__Work request__.
Every line below from the one containing "T (j-1) (T (j-1) (T" through the one containing "< i) \<longrightarrow>" must be transcribed exactly. Omit all lines outside that stretch.

__Dataset entries__.
text \<open>A representation of U'_q(so_n) on a subspace Vc of a complex vector space
  (type 'v with complex scalar multiplication sc): linear maps T j (j = 2..n)
  of Vc into itself satisfying the defining relations of U'_q(so_n).\<close>

definition is_rep_Uq ::
  "complex \<Rightarrow> nat \<Rightarrow> (complex \<Rightarrow> 'v::ab_group_add \<Rightarrow> 'v) \<Rightarrow> 'v set \<Rightarrow> (nat \<Rightarrow> 'v \<Rightarrow> 'v) \<Rightarrow> bool"
where
  "is_rep_Uq q n sc Vc T \<longleftrightarrow>
     (\<forall>j\<in>{2..n}. (\<forall>x\<in>Vc. T j x \<in> Vc)
        \<and> (\<forall>x\<in>Vc. \<forall>y\<in>Vc. T j (x + y) = T j x + T j y)
        \<and> (\<forall>c. \<forall>x\<in>Vc. T j (sc c x) = sc c (T j x)))
   \<and> (\<forall>j\<in>{3..n}. \<forall>x\<in>Vc.
        T j (T j (T (j-1) x)) + T (j-1) (T j (T j x))
          - sc (q + inverse q) (T j (T (j-1) (T j x))) = - T (j-1) x)
   \<and> (\<forall>j\<in>{3..n}. \<forall>x\<in>Vc.
        T (j-1) (T (j-1) (T j x)) + T j (T (j-1) (T (j-1) x))
          - sc (q + inverse q) (T (j-1) (T j (T (j-1) x))) = - T j x)
   \<and> (\<forall>i\<in>{2..n}. \<forall>j\<in>{2..n}. (i + 1 < j \<or> j + 1 < i) \<longrightarrow>
        (\<forall>x\<in>Vc. T i (T j x) = T j (T i x)))"

definition cvs :: "(complex \<Rightarrow> 'v::ab_group_add \<Rightarrow> 'v) \<Rightarrow> bool" where
  "cvs sc \<longleftrightarrow> (\<forall>a x y. sc a (x + y) = sc a x + sc a y)
     \<and> (\<forall>a b x. sc (a + b) x = sc a x + sc b x)
     \<and> (\<forall>a b x. sc a (sc b x) = sc (a * b) x)
     \<and> (\<forall>x. sc 1 x = x)"

text \<open>The tensor product V_1 \<otimes> V with V_1 = span{v_1..v_n} is identified with
  V^n: an element \<Sum>k v_k \<otimes> f k is the function f :: nat \<Rightarrow> 'v, supported in {1..n}.\<close>
definition tens_space :: "nat \<Rightarrow> (nat \<Rightarrow> 'v::zero) set" where
  "tens_space n = {f. \<forall>k. k \<notin> {1..n} \<longrightarrow> f k = 0}"

definition tens_scale :: "(complex \<Rightarrow> 'v \<Rightarrow> 'v) \<Rightarrow> complex \<Rightarrow> (nat \<Rightarrow> 'v) \<Rightarrow> nat \<Rightarrow> 'v" where
  "tens_scale sc c f = (\<lambda>k. sc c (f k))"

text \<open>T-tensor of I_{j,j-1} extended linearly from the formulas on v_k \<otimes> v_\<alpha>;
  qh is the chosen square root q^{1/2}.\<close>
definition tens_rep ::
  "complex \<Rightarrow> complex \<Rightarrow> nat \<Rightarrow> (complex \<Rightarrow> 'v::ab_group_add \<Rightarrow> 'v) \<Rightarrow> (nat \<Rightarrow> 'v \<Rightarrow> 'v)
     \<Rightarrow> nat \<Rightarrow> (nat \<Rightarrow> 'v) \<Rightarrow> nat \<Rightarrow> 'v" where
  "tens_rep q qh n sc T j f = (\<lambda>k.
     if k \<notin> {1..n} then 0
     else if k = j - 1 then sc q (T j (f k)) + sc (inverse qh) (f j)
     else if k = j then sc (inverse q) (T j (f k)) - sc qh (f (j - 1))
     else T j (f k))"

__Output for this exercise__.
        T (j-1) (T (j-1) (T j x)) + T j (T (j-1) (T (j-1) x))
          - sc (q + inverse q) (T (j-1) (T j (T (j-1) x))) = - T j x)
   \<and> (\<forall>i\<in>{2..n}. \<forall>j\<in>{2..n}. (i + 1 < j \<or> j + 1 < i) \<longrightarrow>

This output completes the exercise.